> [Task directions]:
In the listing below, find each line that holds the string "False" and copy it.

> [Dataset records]:
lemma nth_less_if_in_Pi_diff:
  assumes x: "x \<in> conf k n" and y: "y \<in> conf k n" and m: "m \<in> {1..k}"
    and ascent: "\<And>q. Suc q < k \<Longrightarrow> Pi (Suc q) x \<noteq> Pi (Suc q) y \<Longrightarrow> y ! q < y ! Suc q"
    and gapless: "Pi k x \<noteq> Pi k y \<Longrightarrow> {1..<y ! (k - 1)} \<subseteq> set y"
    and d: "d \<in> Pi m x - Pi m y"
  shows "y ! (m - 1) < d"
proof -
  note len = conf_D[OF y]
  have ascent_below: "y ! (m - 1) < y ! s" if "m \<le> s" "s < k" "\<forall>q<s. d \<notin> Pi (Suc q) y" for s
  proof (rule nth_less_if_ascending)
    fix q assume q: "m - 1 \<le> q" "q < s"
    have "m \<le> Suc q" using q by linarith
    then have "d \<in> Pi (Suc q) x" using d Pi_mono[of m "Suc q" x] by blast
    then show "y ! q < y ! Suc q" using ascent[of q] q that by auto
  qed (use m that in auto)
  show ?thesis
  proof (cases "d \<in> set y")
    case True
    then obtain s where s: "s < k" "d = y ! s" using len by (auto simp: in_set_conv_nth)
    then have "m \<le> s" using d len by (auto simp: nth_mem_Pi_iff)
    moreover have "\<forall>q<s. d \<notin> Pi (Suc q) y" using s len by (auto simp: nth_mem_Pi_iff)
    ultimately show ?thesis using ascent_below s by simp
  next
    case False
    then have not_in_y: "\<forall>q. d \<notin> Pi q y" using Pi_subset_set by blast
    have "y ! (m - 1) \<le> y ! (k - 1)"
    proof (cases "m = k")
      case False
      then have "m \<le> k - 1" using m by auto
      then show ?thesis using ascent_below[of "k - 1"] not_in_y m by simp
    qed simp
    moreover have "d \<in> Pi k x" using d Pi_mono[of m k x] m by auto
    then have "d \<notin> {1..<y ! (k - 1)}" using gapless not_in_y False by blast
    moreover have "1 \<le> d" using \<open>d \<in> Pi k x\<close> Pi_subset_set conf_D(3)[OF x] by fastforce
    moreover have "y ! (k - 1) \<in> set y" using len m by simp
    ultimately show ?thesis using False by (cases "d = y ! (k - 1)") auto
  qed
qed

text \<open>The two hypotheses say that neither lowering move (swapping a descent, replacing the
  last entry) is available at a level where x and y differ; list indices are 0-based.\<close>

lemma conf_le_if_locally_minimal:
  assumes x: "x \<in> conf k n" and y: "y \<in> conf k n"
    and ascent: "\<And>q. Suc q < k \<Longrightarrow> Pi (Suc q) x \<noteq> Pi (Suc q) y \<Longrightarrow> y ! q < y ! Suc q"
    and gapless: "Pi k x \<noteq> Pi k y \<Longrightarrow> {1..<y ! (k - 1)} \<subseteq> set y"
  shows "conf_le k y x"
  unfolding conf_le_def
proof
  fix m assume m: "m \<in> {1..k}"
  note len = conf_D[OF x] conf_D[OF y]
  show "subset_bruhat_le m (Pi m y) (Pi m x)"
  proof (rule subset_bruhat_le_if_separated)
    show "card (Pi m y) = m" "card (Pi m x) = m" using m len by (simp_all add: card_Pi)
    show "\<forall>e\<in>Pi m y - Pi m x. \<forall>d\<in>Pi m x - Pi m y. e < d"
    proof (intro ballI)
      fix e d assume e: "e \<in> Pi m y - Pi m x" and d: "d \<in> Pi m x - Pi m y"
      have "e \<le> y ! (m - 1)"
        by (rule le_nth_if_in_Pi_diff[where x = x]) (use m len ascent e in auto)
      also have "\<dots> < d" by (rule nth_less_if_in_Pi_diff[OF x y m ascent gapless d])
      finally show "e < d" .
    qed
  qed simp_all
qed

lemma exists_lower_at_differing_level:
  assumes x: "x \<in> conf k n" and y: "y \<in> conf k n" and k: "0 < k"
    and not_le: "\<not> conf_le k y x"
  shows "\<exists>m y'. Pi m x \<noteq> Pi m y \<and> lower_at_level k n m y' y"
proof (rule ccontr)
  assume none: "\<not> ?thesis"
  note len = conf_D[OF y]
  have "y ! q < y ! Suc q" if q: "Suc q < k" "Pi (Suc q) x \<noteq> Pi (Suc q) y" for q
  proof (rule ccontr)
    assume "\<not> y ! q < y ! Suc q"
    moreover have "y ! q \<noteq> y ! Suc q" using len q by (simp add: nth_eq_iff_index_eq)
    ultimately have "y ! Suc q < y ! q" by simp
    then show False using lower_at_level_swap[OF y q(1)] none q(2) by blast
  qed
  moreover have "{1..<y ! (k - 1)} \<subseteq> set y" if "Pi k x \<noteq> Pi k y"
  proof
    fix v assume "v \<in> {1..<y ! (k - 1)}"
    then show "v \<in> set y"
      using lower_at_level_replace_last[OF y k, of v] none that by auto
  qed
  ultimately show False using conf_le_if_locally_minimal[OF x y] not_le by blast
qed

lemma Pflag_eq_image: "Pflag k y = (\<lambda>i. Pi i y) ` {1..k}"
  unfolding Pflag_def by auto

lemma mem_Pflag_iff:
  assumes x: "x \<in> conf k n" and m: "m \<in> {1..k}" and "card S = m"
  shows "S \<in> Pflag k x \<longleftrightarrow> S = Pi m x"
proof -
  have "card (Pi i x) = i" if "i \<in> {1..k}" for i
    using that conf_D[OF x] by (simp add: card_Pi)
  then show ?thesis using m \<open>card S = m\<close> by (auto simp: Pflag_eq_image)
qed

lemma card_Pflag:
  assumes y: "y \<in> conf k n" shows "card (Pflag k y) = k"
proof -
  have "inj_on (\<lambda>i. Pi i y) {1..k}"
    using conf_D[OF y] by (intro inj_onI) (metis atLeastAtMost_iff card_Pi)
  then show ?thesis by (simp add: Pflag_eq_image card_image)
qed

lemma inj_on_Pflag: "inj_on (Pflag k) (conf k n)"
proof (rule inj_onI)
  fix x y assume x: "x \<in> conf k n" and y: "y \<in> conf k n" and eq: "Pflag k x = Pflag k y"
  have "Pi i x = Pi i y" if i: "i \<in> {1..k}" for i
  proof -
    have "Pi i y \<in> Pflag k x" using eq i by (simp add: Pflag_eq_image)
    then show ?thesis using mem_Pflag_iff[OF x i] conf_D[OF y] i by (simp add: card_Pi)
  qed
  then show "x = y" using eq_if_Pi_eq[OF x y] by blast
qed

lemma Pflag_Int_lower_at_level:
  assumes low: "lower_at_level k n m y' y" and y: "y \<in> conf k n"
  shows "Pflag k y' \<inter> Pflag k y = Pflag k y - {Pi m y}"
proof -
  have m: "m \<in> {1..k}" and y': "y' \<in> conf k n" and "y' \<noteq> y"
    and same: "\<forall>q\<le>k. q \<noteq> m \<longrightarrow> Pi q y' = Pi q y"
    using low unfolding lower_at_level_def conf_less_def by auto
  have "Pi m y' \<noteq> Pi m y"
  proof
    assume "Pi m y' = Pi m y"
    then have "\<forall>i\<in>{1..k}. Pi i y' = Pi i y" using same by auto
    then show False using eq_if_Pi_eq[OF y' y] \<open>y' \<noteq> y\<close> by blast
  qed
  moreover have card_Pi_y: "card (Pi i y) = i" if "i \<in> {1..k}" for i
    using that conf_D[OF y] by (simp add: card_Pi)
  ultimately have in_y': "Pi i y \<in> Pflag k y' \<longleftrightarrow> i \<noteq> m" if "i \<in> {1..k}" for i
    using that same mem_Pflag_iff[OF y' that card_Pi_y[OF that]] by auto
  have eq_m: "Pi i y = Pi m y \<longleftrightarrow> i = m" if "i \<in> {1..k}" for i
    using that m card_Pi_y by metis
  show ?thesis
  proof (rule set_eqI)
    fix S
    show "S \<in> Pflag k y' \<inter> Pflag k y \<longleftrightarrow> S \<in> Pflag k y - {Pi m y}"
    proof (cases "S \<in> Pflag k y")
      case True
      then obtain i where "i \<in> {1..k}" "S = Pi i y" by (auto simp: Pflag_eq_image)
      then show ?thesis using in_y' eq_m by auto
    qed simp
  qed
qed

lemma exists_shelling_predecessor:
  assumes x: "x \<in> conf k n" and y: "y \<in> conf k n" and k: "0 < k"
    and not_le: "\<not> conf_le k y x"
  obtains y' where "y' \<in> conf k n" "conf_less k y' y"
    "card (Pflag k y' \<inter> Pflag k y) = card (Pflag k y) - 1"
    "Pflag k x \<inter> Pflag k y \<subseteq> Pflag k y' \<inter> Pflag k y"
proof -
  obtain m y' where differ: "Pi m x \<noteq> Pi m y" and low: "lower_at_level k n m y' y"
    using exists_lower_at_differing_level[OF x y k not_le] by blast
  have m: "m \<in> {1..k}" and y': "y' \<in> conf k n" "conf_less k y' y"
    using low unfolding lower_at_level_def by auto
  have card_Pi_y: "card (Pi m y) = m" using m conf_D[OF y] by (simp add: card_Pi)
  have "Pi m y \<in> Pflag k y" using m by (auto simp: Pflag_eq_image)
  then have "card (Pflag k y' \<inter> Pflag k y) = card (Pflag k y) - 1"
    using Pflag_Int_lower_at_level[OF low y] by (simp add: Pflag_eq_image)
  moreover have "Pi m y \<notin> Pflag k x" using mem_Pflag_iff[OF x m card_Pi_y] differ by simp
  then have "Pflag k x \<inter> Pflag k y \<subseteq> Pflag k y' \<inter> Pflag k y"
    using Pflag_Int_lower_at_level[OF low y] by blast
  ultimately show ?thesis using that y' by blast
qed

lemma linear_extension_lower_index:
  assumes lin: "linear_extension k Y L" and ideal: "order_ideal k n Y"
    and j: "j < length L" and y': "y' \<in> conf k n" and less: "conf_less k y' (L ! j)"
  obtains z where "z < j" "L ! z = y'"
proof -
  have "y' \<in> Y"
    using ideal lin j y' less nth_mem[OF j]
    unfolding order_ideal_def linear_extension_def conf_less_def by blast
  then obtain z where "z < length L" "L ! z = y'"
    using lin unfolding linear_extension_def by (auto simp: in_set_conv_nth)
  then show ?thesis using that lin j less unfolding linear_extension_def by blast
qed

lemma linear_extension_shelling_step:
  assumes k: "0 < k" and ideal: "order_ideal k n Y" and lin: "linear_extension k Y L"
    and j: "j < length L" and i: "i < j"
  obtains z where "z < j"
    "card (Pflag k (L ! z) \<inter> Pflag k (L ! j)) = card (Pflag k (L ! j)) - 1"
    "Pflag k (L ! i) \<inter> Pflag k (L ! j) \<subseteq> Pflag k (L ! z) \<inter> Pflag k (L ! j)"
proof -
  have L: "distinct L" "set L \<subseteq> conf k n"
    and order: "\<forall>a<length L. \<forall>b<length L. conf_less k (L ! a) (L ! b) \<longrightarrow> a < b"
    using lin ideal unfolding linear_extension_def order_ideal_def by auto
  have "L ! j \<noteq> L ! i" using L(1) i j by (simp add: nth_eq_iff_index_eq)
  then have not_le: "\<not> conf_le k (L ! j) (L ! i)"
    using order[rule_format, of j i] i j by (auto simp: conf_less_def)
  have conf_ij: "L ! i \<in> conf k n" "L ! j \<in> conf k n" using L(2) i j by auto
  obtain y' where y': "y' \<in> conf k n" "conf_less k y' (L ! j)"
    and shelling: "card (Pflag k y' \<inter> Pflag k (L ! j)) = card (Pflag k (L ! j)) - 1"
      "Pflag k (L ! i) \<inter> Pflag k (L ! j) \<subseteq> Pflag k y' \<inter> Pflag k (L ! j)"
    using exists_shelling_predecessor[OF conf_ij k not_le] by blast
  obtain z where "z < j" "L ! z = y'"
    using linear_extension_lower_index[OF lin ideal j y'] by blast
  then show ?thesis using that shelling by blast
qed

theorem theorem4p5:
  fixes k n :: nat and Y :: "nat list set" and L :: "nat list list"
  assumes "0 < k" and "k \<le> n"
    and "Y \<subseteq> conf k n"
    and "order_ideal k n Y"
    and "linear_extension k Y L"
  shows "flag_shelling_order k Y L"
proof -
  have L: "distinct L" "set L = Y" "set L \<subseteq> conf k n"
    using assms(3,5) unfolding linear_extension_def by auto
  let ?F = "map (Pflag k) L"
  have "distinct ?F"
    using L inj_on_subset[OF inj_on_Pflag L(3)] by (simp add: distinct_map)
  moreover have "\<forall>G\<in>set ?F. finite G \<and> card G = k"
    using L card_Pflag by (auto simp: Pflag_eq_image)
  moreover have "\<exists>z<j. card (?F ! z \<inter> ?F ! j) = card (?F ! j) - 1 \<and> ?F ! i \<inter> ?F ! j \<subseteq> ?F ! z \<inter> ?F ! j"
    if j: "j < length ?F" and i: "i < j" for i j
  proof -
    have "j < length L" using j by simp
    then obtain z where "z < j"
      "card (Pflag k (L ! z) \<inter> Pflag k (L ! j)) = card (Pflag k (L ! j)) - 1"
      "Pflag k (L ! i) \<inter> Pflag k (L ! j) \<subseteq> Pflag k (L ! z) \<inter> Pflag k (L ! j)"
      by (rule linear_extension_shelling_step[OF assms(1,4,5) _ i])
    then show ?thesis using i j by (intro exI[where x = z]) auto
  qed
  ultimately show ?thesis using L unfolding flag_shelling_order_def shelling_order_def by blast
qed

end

---

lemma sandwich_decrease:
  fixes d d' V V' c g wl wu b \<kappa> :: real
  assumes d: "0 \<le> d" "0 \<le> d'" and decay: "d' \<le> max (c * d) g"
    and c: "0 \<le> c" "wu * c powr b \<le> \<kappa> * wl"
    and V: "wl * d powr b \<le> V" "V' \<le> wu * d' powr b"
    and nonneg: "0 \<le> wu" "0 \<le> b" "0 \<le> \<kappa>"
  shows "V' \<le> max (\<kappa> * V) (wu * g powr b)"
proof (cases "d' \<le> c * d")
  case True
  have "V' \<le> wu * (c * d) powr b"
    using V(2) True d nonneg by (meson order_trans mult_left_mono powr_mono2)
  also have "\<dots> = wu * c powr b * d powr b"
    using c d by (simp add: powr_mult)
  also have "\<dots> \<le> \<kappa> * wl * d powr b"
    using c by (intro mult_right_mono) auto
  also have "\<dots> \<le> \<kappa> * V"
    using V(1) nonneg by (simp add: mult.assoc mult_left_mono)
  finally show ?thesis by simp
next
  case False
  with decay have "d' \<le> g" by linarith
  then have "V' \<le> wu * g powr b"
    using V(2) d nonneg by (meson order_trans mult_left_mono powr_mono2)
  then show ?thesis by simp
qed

...

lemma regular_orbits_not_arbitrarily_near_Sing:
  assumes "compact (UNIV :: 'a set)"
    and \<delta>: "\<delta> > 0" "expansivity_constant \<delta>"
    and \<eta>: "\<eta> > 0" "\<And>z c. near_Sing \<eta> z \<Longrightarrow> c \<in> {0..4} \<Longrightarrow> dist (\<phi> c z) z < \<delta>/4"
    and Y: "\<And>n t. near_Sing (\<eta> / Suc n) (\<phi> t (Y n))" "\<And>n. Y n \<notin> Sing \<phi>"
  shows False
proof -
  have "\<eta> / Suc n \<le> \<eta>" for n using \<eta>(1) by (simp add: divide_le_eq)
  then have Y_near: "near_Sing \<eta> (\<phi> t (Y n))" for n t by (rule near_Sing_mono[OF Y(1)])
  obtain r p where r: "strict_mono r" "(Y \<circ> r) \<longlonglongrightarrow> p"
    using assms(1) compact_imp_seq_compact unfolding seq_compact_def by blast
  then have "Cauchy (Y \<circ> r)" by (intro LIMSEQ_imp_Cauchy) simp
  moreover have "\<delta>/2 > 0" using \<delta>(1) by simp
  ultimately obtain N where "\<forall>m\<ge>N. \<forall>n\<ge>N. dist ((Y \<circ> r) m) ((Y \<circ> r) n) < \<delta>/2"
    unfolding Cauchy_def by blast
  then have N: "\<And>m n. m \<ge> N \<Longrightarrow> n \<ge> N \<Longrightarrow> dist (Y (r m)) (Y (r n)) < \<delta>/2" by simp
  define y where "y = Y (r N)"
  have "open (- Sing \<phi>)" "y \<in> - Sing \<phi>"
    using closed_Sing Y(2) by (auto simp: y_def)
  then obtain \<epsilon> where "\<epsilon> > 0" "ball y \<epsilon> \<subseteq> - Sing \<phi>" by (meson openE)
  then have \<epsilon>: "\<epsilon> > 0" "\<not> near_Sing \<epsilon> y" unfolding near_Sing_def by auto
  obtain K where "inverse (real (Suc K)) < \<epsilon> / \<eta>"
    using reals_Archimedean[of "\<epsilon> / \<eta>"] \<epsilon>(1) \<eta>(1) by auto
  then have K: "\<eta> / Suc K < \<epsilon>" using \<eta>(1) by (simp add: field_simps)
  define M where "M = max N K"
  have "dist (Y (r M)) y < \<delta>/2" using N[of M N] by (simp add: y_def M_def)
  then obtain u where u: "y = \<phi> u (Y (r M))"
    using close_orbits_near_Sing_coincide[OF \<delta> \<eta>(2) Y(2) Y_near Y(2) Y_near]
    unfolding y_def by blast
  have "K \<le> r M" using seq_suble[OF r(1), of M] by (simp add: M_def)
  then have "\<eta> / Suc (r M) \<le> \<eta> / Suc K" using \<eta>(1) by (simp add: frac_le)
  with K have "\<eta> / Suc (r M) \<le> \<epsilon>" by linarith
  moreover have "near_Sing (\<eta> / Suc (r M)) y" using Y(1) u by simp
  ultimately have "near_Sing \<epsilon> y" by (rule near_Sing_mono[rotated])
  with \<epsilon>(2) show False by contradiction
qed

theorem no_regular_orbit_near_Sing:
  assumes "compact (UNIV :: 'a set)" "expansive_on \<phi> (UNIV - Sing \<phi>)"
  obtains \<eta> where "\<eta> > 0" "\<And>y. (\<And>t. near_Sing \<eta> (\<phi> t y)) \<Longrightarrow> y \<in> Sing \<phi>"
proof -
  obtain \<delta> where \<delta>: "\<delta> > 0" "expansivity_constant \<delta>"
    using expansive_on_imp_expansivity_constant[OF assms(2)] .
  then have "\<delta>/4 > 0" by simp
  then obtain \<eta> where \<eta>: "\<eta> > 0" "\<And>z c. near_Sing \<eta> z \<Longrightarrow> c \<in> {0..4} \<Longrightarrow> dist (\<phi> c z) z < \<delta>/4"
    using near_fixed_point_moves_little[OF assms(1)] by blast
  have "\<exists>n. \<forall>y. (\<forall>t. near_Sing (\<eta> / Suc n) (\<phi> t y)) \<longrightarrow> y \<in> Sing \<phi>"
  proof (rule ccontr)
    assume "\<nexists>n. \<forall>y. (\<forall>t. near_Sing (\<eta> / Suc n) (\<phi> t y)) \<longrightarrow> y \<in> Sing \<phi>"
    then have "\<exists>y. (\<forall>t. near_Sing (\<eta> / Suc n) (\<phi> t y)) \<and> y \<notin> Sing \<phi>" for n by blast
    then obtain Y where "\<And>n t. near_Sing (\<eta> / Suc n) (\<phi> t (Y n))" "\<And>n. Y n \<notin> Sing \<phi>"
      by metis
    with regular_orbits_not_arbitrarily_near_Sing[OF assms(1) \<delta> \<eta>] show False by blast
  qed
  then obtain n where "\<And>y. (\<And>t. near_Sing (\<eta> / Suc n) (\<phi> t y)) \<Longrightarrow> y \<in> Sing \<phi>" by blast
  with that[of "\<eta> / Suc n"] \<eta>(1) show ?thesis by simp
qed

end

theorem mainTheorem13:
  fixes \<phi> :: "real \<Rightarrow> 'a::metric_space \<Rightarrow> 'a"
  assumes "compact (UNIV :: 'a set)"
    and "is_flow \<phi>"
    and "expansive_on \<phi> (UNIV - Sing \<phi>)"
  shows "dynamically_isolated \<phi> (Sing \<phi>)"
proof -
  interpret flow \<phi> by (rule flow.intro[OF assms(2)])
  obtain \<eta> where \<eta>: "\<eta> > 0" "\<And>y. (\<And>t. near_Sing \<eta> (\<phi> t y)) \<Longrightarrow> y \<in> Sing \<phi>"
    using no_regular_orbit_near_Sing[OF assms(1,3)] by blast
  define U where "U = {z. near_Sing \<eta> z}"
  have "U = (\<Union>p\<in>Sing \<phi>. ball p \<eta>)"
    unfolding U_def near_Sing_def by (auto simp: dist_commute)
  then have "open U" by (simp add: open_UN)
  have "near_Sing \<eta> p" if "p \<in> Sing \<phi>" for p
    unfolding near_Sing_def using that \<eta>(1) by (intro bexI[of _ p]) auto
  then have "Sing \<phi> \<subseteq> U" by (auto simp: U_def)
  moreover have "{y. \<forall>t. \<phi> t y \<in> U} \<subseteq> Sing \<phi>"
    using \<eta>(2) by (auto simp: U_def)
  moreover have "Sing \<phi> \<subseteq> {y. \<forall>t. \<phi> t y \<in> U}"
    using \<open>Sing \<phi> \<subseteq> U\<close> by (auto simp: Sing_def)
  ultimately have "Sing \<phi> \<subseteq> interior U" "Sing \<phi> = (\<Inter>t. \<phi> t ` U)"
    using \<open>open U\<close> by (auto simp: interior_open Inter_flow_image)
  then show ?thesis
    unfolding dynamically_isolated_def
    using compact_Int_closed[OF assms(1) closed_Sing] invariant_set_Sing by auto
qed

> [Written reply]:
    case False
      case False
    then have "d \<notin> {1..<y ! (k - 1)}" using gapless not_in_y False by blast
    ultimately show ?thesis using False by (cases "d = y ! (k - 1)") auto
    then show False using lower_at_level_swap[OF y q(1)] none q(2) by blast
  ultimately show False using conf_le_if_locally_minimal[OF x y] not_le by blast
    then show False using eq_if_Pi_eq[OF y' y] \<open>y' \<noteq> y\<close> by blast
  case False
  shows False
  with \<epsilon>(2) show False by contradiction
    with regular_orbits_not_arbitrarily_near_Sing[OF assms(1) \<delta> \<eta>] show False by blast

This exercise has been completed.